Слова эти по окончании аудиенции записаны были сенатором и переданы им потом мне.

Желание государя было исполнено и обстоятельные донесения представлены по окончании ревизии куда следует.

Скажем при этом, что жалоба Ершова не подтвердилась, и за клевету он был передан суду.

В отношении неудовлетворительного состояния судебных мест, полиции и дворянских опек слова государя по ревизии вполне подтвердились.

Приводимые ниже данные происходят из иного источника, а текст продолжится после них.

lemma sdet_perturbed_laplacian:
  "sdet (V - {r}) (laplacian V E (\<lambda>e. w e * (1 + t * s e))) =
    total_weight * (\<Sum>K\<in>Pow (V - {r}). t ^ card K * sdet K (relative_laplacian s))"
proof -
  let ?S = "V - {r}"
  let ?I = "\<lambda>i j. if i = j then 1 else 0 :: real"
  have "laplacian V E (\<lambda>e. w e * (1 + t * s e)) i j =
      smat_mult ?S (laplacian V E w) (\<lambda>i j. ?I i j + t * relative_laplacian s i j) i j"
    if "i \<in> ?S" "j \<in> ?S" for i j
  proof -
    have "laplacian V E (\<lambda>e. w e * (1 + t * s e)) i j =
        laplacian V E w i j + t * laplacian V E (\<lambda>e. w e * s e) i j"
      using laplacian_add_scaled[of V E w t "\<lambda>e. w e * s e"] by (simp add: algebra_simps)
    also have "\<dots> = smat_mult ?S (laplacian V E w) ?I i j +
        t * smat_mult ?S (laplacian V E w) (relative_laplacian s) i j"
      using that smat_mult_id_right[OF finite_reduced_vertices \<open>j \<in> ?S\<close>]
      by (simp add: laplacian_mult_relative_laplacian)
    finally show ?thesis
      by (simp add: smat_mult_def sum.distrib sum_distrib_left algebra_simps)
  qed
  then have "sdet ?S (laplacian V E (\<lambda>e. w e * (1 + t * s e))) =
      sdet ?S (smat_mult ?S (laplacian V E w) (\<lambda>i j. ?I i j + t * relative_laplacian s i j))"
    by (rule sdet_cong)
  also have "\<dots> = sdet ?S (laplacian V E w) * sdet ?S (\<lambda>i j. ?I i j + t * relative_laplacian s i j)"
    by (rule sdet_mult[OF finite_reduced_vertices])
  finally show ?thesis
    by (simp only: sdet_laplacian sdet_id_plus_eq_sum_principal_minors[OF finite_reduced_vertices])
qed

lemma finite_tree:
  "T \<in> spanning_trees V E \<Longrightarrow> finite T"
  by (rule finite_spanning_tree[OF graph])

lemma tree_generating_polynomial:
  "total_weight * (\<Sum>K\<in>Pow (V - {r}). t ^ card K * sdet K (relative_laplacian s)) =
    (\<Sum>T\<in>spanning_trees V E. tree_weight w T * (\<Sum>F\<in>Pow T. t ^ card F * (\<Prod>e\<in>F. s e)))"
  unfolding sdet_perturbed_laplacian[symmetric] matrix_tree[OF graph root]
  by (intro sum.cong refl) (simp add: finite_tree prod_scaled_one_plus tree_weight_def)

lemma principal_minor_sum_eq:
  "total_weight * (\<Sum>K | K \<subseteq> V - {r} \<and> card K = k. sdet K (relative_laplacian s)) =
    (\<Sum>T\<in>spanning_trees V E. tree_weight w T * (\<Sum>F | F \<subseteq> T \<and> card F = k. \<Prod>e\<in>F. s e))"
proof -
  let ?S = "V - {r}" and ?ST = "spanning_trees V E"
  define n where "n = card ?S + card E + k"
  define minors where "minors i = (\<Sum>K | K \<subseteq> ?S \<and> card K = i. sdet K (relative_laplacian s))" for i
  define edge_prods where "edge_prods T i = (\<Sum>F | F \<subseteq> T \<and> card F = i. \<Prod>e\<in>F. s e)" for T i
  have same_polynomial: "(\<Sum>i\<le>n. (total_weight * minors i) * t ^ i) =
      (\<Sum>i\<le>n. (\<Sum>T\<in>?ST. tree_weight w T * edge_prods T i) * t ^ i)" for t
  proof -
    have "(\<Sum>K\<in>Pow ?S. t ^ card K * sdet K (relative_laplacian s)) = (\<Sum>i\<le>n. minors i * t ^ i)"
      unfolding minors_def by (rule sum_Pow_eq_poly[OF finite_reduced_vertices]) (simp add: n_def)
    then have "(\<Sum>i\<le>n. (total_weight * minors i) * t ^ i) =
        total_weight * (\<Sum>K\<in>Pow ?S. t ^ card K * sdet K (relative_laplacian s))"
      by (simp add: sum_distrib_left mult.assoc)
    also have "\<dots> = (\<Sum>T\<in>?ST. tree_weight w T * (\<Sum>F\<in>Pow T. t ^ card F * (\<Prod>e\<in>F. s e)))"
      by (rule tree_generating_polynomial)
    also have "\<dots> = (\<Sum>T\<in>?ST. \<Sum>i\<le>n. tree_weight w T * edge_prods T i * t ^ i)"
    proof (intro sum.cong refl)
      fix T assume T: "T \<in> ?ST"
      then have "card T \<le> n"
        using card_mono[OF simple_graph_finite_edges[OF graph], of T]
        by (auto simp: n_def spanning_trees_def)
      then show "tree_weight w T * (\<Sum>F\<in>Pow T. t ^ card F * (\<Prod>e\<in>F. s e)) =
          (\<Sum>i\<le>n. tree_weight w T * edge_prods T i * t ^ i)"
        using sum_Pow_eq_poly[OF finite_tree[OF T] \<open>card T \<le> n\<close>, where g = "\<lambda>F. \<Prod>e\<in>F. s e" and t = t]
        unfolding edge_prods_def[symmetric] by (simp add: sum_distrib_left mult.assoc)
    qed
    also have "\<dots> = (\<Sum>i\<le>n. (\<Sum>T\<in>?ST. tree_weight w T * edge_prods T i) * t ^ i)"
      by (subst sum.swap) (simp add: sum_distrib_right)
    finally show ?thesis .
  qed
  have "total_weight * minors k = (\<Sum>T\<in>?ST. tree_weight w T * edge_prods T k)"
    using polyfun_eq_coeffs[of "\<lambda>i. total_weight * minors i" n "\<lambda>i. \<Sum>T\<in>?ST. tree_weight w T * edge_prods T i"]
      same_polynomial by (simp add: n_def)
  then show ?thesis unfolding minors_def edge_prods_def .
qed

lemma first_moment:
  "(\<Sum>T\<in>spanning_trees V E. tree_weight w T * (\<Sum>e\<in>T. s e)) =
    total_weight * (\<Sum>i\<in>V - {r}. relative_laplacian s i i)"
proof -
  have "(\<Sum>T\<in>spanning_trees V E. tree_weight w T * (\<Sum>e\<in>T. s e)) =
      (\<Sum>T\<in>spanning_trees V E. tree_weight w T * (\<Sum>F | F \<subseteq> T \<and> card F = 1. \<Prod>e\<in>F. s e))"
    by (intro sum.cong refl) (subst sum_card_1_subsets, auto simp: finite_tree)
  also have "\<dots> = total_weight * (\<Sum>K | K \<subseteq> V - {r} \<and> card K = 1. sdet K (relative_laplacian s))"
    by (rule principal_minor_sum_eq[symmetric])
  also have "\<dots> = total_weight * (\<Sum>i\<in>V - {r}. relative_laplacian s i i)"
    using finite_reduced_vertices by (subst sum_card_1_subsets) (auto simp: sdet_singleton)
  finally show ?thesis .
qed

lemma second_moment:
  "(\<Sum>T\<in>spanning_trees V E. tree_weight w T * ((\<Sum>e\<in>T. s e)\<^sup>2 - (\<Sum>e\<in>T. (s e)\<^sup>2))) =
    total_weight * ((\<Sum>i\<in>V - {r}. relative_laplacian s i i)\<^sup>2 -
      (\<Sum>i\<in>V - {r}. \<Sum>j\<in>V - {r}. relative_laplacian s i j * relative_laplacian s j i))"
proof -
  have "(\<Sum>T\<in>spanning_trees V E. tree_weight w T * ((\<Sum>e\<in>T. s e)\<^sup>2 - (\<Sum>e\<in>T. (s e)\<^sup>2))) =
      2 * (\<Sum>T\<in>spanning_trees V E. tree_weight w T * (\<Sum>F | F \<subseteq> T \<and> card F = 2. \<Prod>e\<in>F. s e))"
    unfolding sum_distrib_left[of 2]
    by (intro sum.cong refl)
      (simp only: sum_card_2_subsets_prod[OF finite_tree, symmetric] mult.left_commute)
  also have "\<dots> = total_weight * (2 * (\<Sum>K | K \<subseteq> V - {r} \<and> card K = 2. sdet K (relative_laplacian s)))"
    by (simp only: principal_minor_sum_eq[symmetric] mult.left_commute)
  finally show ?thesis
    by (simp only: sum_card_2_principal_minors[OF finite_reduced_vertices])
qed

…В Калуге, при ревизии сенатора князя Давыдова, во время дворянских выборов обнаружился следующий курьез. Нужно было избрать председателя гражданской палаты, которая по своему положению и накоплению в ней дел, требовала более или менее опытного человека. Многие благомыслящие дворяне, а равно губернатор и сенатор указывали на двух лиц, именно Унковского и князя Оболенского. Открылась баллотировка — и что же вышло? Два эти лица забаллотированы были громадным большинством. В это время, как бы в шутку, кто-то сказал: «А не попросить ли нам баллотироваться Ивана Сидоровича Толмачева в председатели?» Лицо это было известно в Калуге своей простотой, доходившей до невозможности, а об образовании и знании судебного дела и говорить было нечего. Началась баллотировка, и наш Иван Сидорович Толмачев, во вред святого дела правосудия, избран был громадным большинством. Некоторые объяснили это нерасположением дворян к губернатору, желавшему провести в председатели князя Оболенского как своего родственника. Так или нет, но, во всяком случае, факт этот свидетельствует, что дворяне выбором лиц в судейские должности не дорожили и не придавали этому никакой важности.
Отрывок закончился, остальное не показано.